И я все думал: ну эти понятно — серебряный век и профессорскую мысль успел сделать вполне "серебряной" — тонко изящной, европейской, грассирующей. А вот Толстой с его трезвостью и умением всё видеть насквозь. Он-то что? Неужели не читал? Неужели ни одна сорока не принесла на хвосте, когда только и разговору? Принесла, слава Богу. Читал. Вот запись в дневнике 23 апреля 1909 года:
"Читал "Вехи". Удивительный язык. Надо самому бояться этого. Нерусские выдуманные слова, означающие подразумеваемые новые оттенки мысли, неясные, искусственные, условные и ненужные. Могут быть, нужны эти слова только когда речь идет о ненужном. Слова эти употребляются и имеют смысл только при большом желании читателя догадаться и должны сопровождаться всегда прибавлением: "ведь ты понимаешь, мы с тобой понимаем это".
Конечно, не без этого, ведь авторы — дети того же серебряного века и язык действительно кастовый. И читатель, в общем, "догадывался" без труда. Хуже было, что он "догадывался" в другую сторону и хотел не думать, а действовать. И действовать своевольно, без удерживающих институтов уже обреченного государства. И тут и профессора литературы, и Боборыкин, и Милюков, прочитай они эту запись дневника, поторопились бы поддакнуть Толстому: "Писателю нельзя вступать в какие-либо добровольные соглашения с тем сбродом заблудших и развращенных людей, называемых у нас правительством". Впрочем, он ведь это и не только в дневнике и не раз писал.
Ну, приговорили с разных сторон "Вехи", не дали русскому человеку поверить в путеводительность этих верстовых столбов. И что же? Так и канула книжка в примечание? В мимолетный литературный курьез? Да ведь нет! Были же зачем-то потом и "Смена вех", и "Из-под глыб", которые все оглядывались, оглядывались на "Вехи". Кажется, последний раз интерес к ним вскинулся было в 1989 году, на их восьмидесятилетие, когда время кипело теми же вопросами, но тут грянула реформа, страна заметалась в небывалых потрясениях, стало не до того, и интерес погас. А уж столетие "Вех" мы просто перемолчали. Решили больше не беспокоить свою "поотъевшуюся" мысль. А заноза все-таки осталась. И об этом хорошо думать как раз в Ясной Поляне.

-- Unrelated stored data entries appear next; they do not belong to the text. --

lemma assoc_opposite:
  "lmul (opposite M) x (opposite M y z) = plus_subst scale (opposite M) (opposite M x y) z"
proof -
  let ?K = "lmul M z (M y x)"
  have K: "finite_coeffs2 ?K" by (simp add: finite_coeffs2_lmul M_bilinear M_finite)
  have Y: "rmul M x (M z y) = subst2 (0, 1, 0) (1, -1, 0) ?K"
  proof -
    have "subst2 (0, 1, 0) (1, -1, 0) ?K
        = subst2 (0, 1, 0) (1, -1, 0) (subst2 (1, 1, 0) (1, 0, 0) (rmul M x (M z y)))"
      by (simp add: M_assoc plus_subst_eq_subst2 M_bilinear M_finite)
    also have "\<dots> = rmul M x (M z y)"
      by (simp add: subst2_subst2 subst2_id finite_coeffs2_rmul M_bilinear M_finite)
    finally show ?thesis by simp
  qed
  have "lmul (opposite M) x (opposite M y z) = sneg2 (rmul M x (sneg (M z y)))"
    by (simp add: lmul_opposite opposite_def)
  also have "\<dots> = sneg2 (subst2 (1, 0, 0) (1, -1, 0) (subst2 (0, 1, 0) (1, -1, 0) ?K))"
    by (simp add: rmul_sneg M_bilinear M_sesqui_left M_finite Y)
  also have "\<dots> = sneg2 (subst2 (1, -1, 0) (0, 1, 0) ?K)"
    by (simp add: subst2_subst2 K)
  also have "\<dots> = subst2 (-1, -1, -1) (0, 1, 0) ?K"
    by (simp add: sneg2_eq_subst2 finite_coeffs2_subst2 K subst2_subst2)
  also have "\<dots> = subst2 (1, 1, 0) (1, 0, 0) (sneg2 (subst2 (1, 0, 0) (-1, -1, -1) ?K))"
    by (simp add: sneg2_eq_subst2 finite_coeffs2_subst2 K subst2_subst2)
  also have "\<dots> = subst2 (1, 1, 0) (1, 0, 0) (rmul (opposite M) z (opposite M x y))"
    by (simp add: rmul_opposite opposite_def lmul_sneg M_sesqui_right M_bilinear M_finite)
  also have "\<dots> = plus_subst scale (opposite M) (opposite M x y) z"
    by (rule plus_subst_eq_subst2[symmetric])
       (simp_all add: bilinear_lprod_opposite M_bilinear lprod_finite)
  finally show ?thesis .
qed

lemma opposite_plus_subst:
  "plus_subst scale (opposite M) (M x y) z p q = sneg (M (sneg (M z x) p) y) q"
proof -
  have "M x y = sneg (opposite M y x)" by (simp add: opposite_def sneg_sneg M_finite)
  then have "plus_subst scale (opposite M) (M x y) z
      = swap2 (plus_subst scale (opposite M) (opposite M y x) z)"
    by (simp only:) (rule plus_subst_sneg, simp_all add: bilinear_lprod_opposite sesqui_left_opposite
        M_bilinear M_sesqui_right lprod_finite)
  also have "\<dots> = swap2 (lmul (opposite M) y (opposite M x z))"
    by (simp add: assoc_opposite)
  finally show ?thesis by (simp add: swap2_def lmul_def opposite_def)
qed

lemma plus_subst_sneg_assoc: "plus_subst scale M (sneg (M y x)) z p q = M y (M x z p) q"
proof -
  have "plus_subst scale M (sneg (M y x)) z = swap2 (plus_subst scale M (M y x) z)"
    by (rule plus_subst_sneg) (simp_all add: M_bilinear M_sesqui_left M_finite)
  also have "\<dots> = swap2 (lmul M y (M x z))" by (simp add: M_assoc)
  finally show ?thesis by (simp add: swap2_def lmul_def)
qed

text \<open>Expanding the commutators, every term is one of six products L1, ..., R3 by associativity
  and the three re-association rules above; what remains is jacobi_rearrangement.\<close>
lemma commutator_jacobi:
  fixes a b c :: complex
  assumes "a * a = 1"
  shows "commutator M (a * b) X (commutator M c Y Z q) p
       = plus_subst scale (commutator M (b * c)) (commutator M a X Y) Z p q
         + scale a (commutator M (a * c) Y (commutator M b X Z p) q)"
proof -
  have fin: "finite_coeffs (M u v)" for u v by (rule M_finite)
  have fin_scale: "finite_coeffs (\<lambda>n. scale s (M u v n))" for s u v
    by (rule finite_coeffs_mono[OF fin[of u v]]) simp
  define L1 where "L1 = M X (M Y Z q) p"
  define L2 where "L2 = M X (sneg (M Z Y) q) p"
  define L3 where "L3 = sneg (M (M Y Z q) X) p"
  define L4 where "L4 = sneg (M (sneg (M Z Y) q) X) p"
  define R2 where "R2 = M Y (M X Z p) q"
  define R3 where "R3 = sneg (M (sneg (M Z X) p) Y) q"
  have opposite_commutator:
    "opposite M W (commutator M s U V t) k
       = sneg (M (M U V t) W) k - scale s (sneg (M (opposite M U V t) W) k)"
    for W U V s t k
  proof -
    have "M (commutator M s U V t) W = M (M U V t) W - (\<lambda>n. scale s (M (opposite M U V t) W n))"
      by (simp add: commutator_def lprod_diff_left[OF M_bilinear] lprod_scale_left[OF M_bilinear] fun_eq_iff)
    then show ?thesis by (simp add: opposite_def sneg_diff fin fin_scale sneg_scale)
  qed
  have lhs: "commutator M (a * b) X (commutator M c Y Z q) p
      = (L1 - scale c L2) - scale (a * b) (L3 - scale c L4)"
    by (simp only: commutator_def[of M "a * b"] opposite_commutator)
       (simp add: commutator_def L1_def L2_def L3_def L4_def opposite_def
        lprod_diff_right[OF M_bilinear] lprod_scale_right[OF M_bilinear])
  have "plus_subst scale (commutator M (b * c)) (commutator M a X Y) Z p q
      = (plus_subst scale M (M X Y) Z p q - scale a (plus_subst scale M (opposite M X Y) Z p q))
        - scale (b * c) (plus_subst scale (opposite M) (M X Y) Z p q
          - scale a (plus_subst scale (opposite M) (opposite M X Y) Z p q))"
    unfolding commutator_def
    by (simp only: plus_subst_diff_lprod plus_subst_diff M_bilinear bilinear_lprod_opposite)
  also have "\<dots> = (L1 - scale a R2) - scale (b * c) (R3 - scale a L4)"
    using M_assoc[of X Y Z] assoc_opposite[of X Y Z]
    by (simp add: L1_def R2_def R3_def L4_def lmul_def fun_eq_iff opposite_plus_subst
        plus_subst_sneg_assoc opposite_def)
  finally have rhs1: "plus_subst scale (commutator M (b * c)) (commutator M a X Y) Z p q
      = (L1 - scale a R2) - scale (b * c) (R3 - scale a L4)" .
  have rhs2: "commutator M (a * c) Y (commutator M b X Z p) q
      = (R2 - scale b L3) - scale (a * c) (L2 - scale b R3)"
    using assoc_sneg_right[of Y Z X p q] assoc_sneg_right[of X Z Y q p]
    by (simp only: commutator_def[of M "a * c"] opposite_commutator)
       (simp add: commutator_def R2_def L3_def L2_def R3_def opposite_def
        lprod_diff_right[OF M_bilinear] lprod_scale_right[OF M_bilinear])
  show ?thesis
    unfolding lhs rhs1 rhs2 by (rule jacobi_rearrangement[OF module_axioms assms])
qed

Кажется, мир пошел против Толстого — по пути "ненужного". И хотя бы по языку ("нерусские, выдуманные слова") следовал больше "Вехам", чем Льву Николаевичу. Народ, grand mond, как писатель его с уважительной улыбкой называл, понемногу исчез, сошел на нет: скажешь "народ" и провалишься в какое-то общее место с туманными границами. Интеллигенция в старом либеральном понимании (где по краям Боборыкин и Милюков), кажется, тоже ушла навсегда — в эмиграцию, в лагеря, в неизбежность смерти. А вот эта — "веховская", чье дело как будто сразу провалилось, тем не менее, живет и, меняя фамилии, продолжает договаривать тогдашние мысли.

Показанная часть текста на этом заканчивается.